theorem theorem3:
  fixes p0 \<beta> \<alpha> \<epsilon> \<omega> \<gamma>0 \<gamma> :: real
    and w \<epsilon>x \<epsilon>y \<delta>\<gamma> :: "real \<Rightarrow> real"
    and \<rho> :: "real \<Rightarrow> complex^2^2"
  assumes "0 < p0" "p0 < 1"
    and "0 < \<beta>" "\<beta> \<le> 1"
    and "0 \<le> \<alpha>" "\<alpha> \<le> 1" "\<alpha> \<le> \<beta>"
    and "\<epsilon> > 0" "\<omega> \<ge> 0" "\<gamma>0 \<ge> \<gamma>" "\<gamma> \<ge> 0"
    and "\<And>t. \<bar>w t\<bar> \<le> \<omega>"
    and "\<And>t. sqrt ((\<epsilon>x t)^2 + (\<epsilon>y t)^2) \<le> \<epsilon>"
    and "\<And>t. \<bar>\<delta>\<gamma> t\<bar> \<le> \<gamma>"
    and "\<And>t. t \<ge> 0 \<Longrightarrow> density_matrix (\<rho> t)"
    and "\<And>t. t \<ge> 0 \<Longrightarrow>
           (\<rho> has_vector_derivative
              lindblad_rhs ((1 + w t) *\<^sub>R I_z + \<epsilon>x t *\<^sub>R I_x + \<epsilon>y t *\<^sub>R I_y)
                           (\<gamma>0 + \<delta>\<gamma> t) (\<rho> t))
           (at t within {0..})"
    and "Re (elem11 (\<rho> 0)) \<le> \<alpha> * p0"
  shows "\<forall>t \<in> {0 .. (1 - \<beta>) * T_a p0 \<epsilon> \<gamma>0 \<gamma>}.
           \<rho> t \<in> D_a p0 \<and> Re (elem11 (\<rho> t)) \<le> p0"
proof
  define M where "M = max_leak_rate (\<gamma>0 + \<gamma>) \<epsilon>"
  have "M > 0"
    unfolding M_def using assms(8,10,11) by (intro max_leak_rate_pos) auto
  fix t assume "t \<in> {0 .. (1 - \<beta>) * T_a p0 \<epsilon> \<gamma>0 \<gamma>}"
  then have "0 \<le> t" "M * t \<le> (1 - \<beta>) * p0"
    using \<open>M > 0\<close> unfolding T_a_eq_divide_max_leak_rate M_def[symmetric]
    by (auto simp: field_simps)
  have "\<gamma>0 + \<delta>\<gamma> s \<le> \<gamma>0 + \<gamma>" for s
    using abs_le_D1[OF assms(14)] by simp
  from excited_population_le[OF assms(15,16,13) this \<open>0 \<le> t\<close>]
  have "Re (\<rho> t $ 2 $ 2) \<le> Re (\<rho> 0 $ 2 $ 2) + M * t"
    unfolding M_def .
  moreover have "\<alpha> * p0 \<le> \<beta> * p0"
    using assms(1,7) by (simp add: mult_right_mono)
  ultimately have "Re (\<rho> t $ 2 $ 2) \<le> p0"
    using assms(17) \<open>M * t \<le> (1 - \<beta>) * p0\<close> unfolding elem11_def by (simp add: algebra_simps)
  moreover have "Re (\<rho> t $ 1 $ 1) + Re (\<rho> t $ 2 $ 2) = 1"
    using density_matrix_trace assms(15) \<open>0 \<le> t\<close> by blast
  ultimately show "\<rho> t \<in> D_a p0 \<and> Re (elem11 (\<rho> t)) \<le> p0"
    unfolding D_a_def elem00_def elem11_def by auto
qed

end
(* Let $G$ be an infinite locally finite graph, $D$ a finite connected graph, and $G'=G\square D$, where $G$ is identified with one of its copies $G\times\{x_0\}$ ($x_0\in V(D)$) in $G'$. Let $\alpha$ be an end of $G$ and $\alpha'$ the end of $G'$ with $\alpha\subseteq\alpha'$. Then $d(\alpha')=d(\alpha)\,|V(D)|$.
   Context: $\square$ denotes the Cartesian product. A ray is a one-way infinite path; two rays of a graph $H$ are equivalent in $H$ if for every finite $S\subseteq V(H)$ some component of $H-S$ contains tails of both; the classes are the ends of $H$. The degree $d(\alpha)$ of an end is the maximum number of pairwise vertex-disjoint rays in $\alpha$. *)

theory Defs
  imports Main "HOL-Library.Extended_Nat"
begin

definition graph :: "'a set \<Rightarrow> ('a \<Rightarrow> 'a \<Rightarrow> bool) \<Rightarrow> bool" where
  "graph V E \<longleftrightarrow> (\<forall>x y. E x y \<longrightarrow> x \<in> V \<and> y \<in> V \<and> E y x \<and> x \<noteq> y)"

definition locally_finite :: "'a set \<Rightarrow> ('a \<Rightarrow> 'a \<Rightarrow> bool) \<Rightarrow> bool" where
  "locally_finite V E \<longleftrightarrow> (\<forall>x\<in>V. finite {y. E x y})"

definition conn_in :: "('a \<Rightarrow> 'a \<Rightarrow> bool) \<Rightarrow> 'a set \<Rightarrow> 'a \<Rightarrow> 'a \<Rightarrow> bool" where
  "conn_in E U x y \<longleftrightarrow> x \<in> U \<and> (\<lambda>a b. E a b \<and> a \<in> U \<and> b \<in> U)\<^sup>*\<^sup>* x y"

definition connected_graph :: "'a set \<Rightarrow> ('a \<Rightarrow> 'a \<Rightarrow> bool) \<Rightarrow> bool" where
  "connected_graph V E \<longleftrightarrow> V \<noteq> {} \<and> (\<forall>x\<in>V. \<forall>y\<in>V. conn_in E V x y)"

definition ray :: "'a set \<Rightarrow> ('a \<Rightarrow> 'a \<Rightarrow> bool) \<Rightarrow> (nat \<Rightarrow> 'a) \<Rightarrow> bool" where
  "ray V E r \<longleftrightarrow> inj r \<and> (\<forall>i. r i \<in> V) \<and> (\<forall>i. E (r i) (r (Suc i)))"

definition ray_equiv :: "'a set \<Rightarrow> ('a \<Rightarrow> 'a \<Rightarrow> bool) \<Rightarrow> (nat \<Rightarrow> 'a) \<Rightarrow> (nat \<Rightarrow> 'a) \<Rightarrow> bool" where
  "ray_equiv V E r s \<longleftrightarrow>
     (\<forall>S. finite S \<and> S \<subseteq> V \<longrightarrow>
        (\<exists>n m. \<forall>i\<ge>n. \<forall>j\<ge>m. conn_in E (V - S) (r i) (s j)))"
-------------------------
The entries above should be repeated exactly, every one of them.

theorem theorem3:
  fixes p0 \<beta> \<alpha> \<epsilon> \<omega> \<gamma>0 \<gamma> :: real
    and w \<epsilon>x \<epsilon>y \<delta>\<gamma> :: "real \<Rightarrow> real"
    and \<rho> :: "real \<Rightarrow> complex^2^2"
  assumes "0 < p0" "p0 < 1"
    and "0 < \<beta>" "\<beta> \<le> 1"
    and "0 \<le> \<alpha>" "\<alpha> \<le> 1" "\<alpha> \<le> \<beta>"
    and "\<epsilon> > 0" "\<omega> \<ge> 0" "\<gamma>0 \<ge> \<gamma>" "\<gamma> \<ge> 0"
    and "\<And>t. \<bar>w t\<bar> \<le> \<omega>"
    and "\<And>t. sqrt ((\<epsilon>x t)^2 + (\<epsilon>y t)^2) \<le> \<epsilon>"
    and "\<And>t. \<bar>\<delta>\<gamma> t\<bar> \<le> \<gamma>"
    and "\<And>t. t \<ge> 0 \<Longrightarrow> density_matrix (\<rho> t)"
    and "\<And>t. t \<ge> 0 \<Longrightarrow>
           (\<rho> has_vector_derivative
              lindblad_rhs ((1 + w t) *\<^sub>R I_z + \<epsilon>x t *\<^sub>R I_x + \<epsilon>y t *\<^sub>R I_y)
                           (\<gamma>0 + \<delta>\<gamma> t) (\<rho> t))
           (at t within {0..})"
    and "Re (elem11 (\<rho> 0)) \<le> \<alpha> * p0"
  shows "\<forall>t \<in> {0 .. (1 - \<beta>) * T_a p0 \<epsilon> \<gamma>0 \<gamma>}.
           \<rho> t \<in> D_a p0 \<and> Re (elem11 (\<rho> t)) \<le> p0"
proof
  define M where "M = max_leak_rate (\<gamma>0 + \<gamma>) \<epsilon>"
  have "M > 0"
    unfolding M_def using assms(8,10,11) by (intro max_leak_rate_pos) auto
  fix t assume "t \<in> {0 .. (1 - \<beta>) * T_a p0 \<epsilon> \<gamma>0 \<gamma>}"
  then have "0 \<le> t" "M * t \<le> (1 - \<beta>) * p0"
    using \<open>M > 0\<close> unfolding T_a_eq_divide_max_leak_rate M_def[symmetric]
    by (auto simp: field_simps)
  have "\<gamma>0 + \<delta>\<gamma> s \<le> \<gamma>0 + \<gamma>" for s
    using abs_le_D1[OF assms(14)] by simp
  from excited_population_le[OF assms(15,16,13) this \<open>0 \<le> t\<close>]
  have "Re (\<rho> t $ 2 $ 2) \<le> Re (\<rho> 0 $ 2 $ 2) + M * t"
    unfolding M_def .
  moreover have "\<alpha> * p0 \<le> \<beta> * p0"
    using assms(1,7) by (simp add: mult_right_mono)
  ultimately have "Re (\<rho> t $ 2 $ 2) \<le> p0"
    using assms(17) \<open>M * t \<le> (1 - \<beta>) * p0\<close> unfolding elem11_def by (simp add: algebra_simps)
  moreover have "Re (\<rho> t $ 1 $ 1) + Re (\<rho> t $ 2 $ 2) = 1"
    using density_matrix_trace assms(15) \<open>0 \<le> t\<close> by blast
  ultimately show "\<rho> t \<in> D_a p0 \<and> Re (elem11 (\<rho> t)) \<le> p0"
    unfolding D_a_def elem00_def elem11_def by auto
qed

end
(* Let $G$ be an infinite locally finite graph, $D$ a finite connected graph, and $G'=G\square D$, where $G$ is identified with one of its copies $G\times\{x_0\}$ ($x_0\in V(D)$) in $G'$. Let $\alpha$ be an end of $G$ and $\alpha'$ the end of $G'$ with $\alpha\subseteq\alpha'$. Then $d(\alpha')=d(\alpha)\,|V(D)|$.
   Context: $\square$ denotes the Cartesian product. A ray is a one-way infinite path; two rays of a graph $H$ are equivalent in $H$ if for every finite $S\subseteq V(H)$ some component of $H-S$ contains tails of both; the classes are the ends of $H$. The degree $d(\alpha)$ of an end is the maximum number of pairwise vertex-disjoint rays in $\alpha$. *)

theory Defs
  imports Main "HOL-Library.Extended_Nat"
begin

definition graph :: "'a set \<Rightarrow> ('a \<Rightarrow> 'a \<Rightarrow> bool) \<Rightarrow> bool" where
  "graph V E \<longleftrightarrow> (\<forall>x y. E x y \<longrightarrow> x \<in> V \<and> y \<in> V \<and> E y x \<and> x \<noteq> y)"

definition locally_finite :: "'a set \<Rightarrow> ('a \<Rightarrow> 'a \<Rightarrow> bool) \<Rightarrow> bool" where
  "locally_finite V E \<longleftrightarrow> (\<forall>x\<in>V. finite {y. E x y})"

definition conn_in :: "('a \<Rightarrow> 'a \<Rightarrow> bool) \<Rightarrow> 'a set \<Rightarrow> 'a \<Rightarrow> 'a \<Rightarrow> bool" where
  "conn_in E U x y \<longleftrightarrow> x \<in> U \<and> (\<lambda>a b. E a b \<and> a \<in> U \<and> b \<in> U)\<^sup>*\<^sup>* x y"

definition connected_graph :: "'a set \<Rightarrow> ('a \<Rightarrow> 'a \<Rightarrow> bool) \<Rightarrow> bool" where
  "connected_graph V E \<longleftrightarrow> V \<noteq> {} \<and> (\<forall>x\<in>V. \<forall>y\<in>V. conn_in E V x y)"

definition ray :: "'a set \<Rightarrow> ('a \<Rightarrow> 'a \<Rightarrow> bool) \<Rightarrow> (nat \<Rightarrow> 'a) \<Rightarrow> bool" where
  "ray V E r \<longleftrightarrow> inj r \<and> (\<forall>i. r i \<in> V) \<and> (\<forall>i. E (r i) (r (Suc i)))"

definition ray_equiv :: "'a set \<Rightarrow> ('a \<Rightarrow> 'a \<Rightarrow> bool) \<Rightarrow> (nat \<Rightarrow> 'a) \<Rightarrow> (nat \<Rightarrow> 'a) \<Rightarrow> bool" where
  "ray_equiv V E r s \<longleftrightarrow>
     (\<forall>S. finite S \<and> S \<subseteq> V \<longrightarrow>
        (\<exists>n m. \<forall>i\<ge>n. \<forall>j\<ge>m. conn_in E (V - S) (r i) (s j)))"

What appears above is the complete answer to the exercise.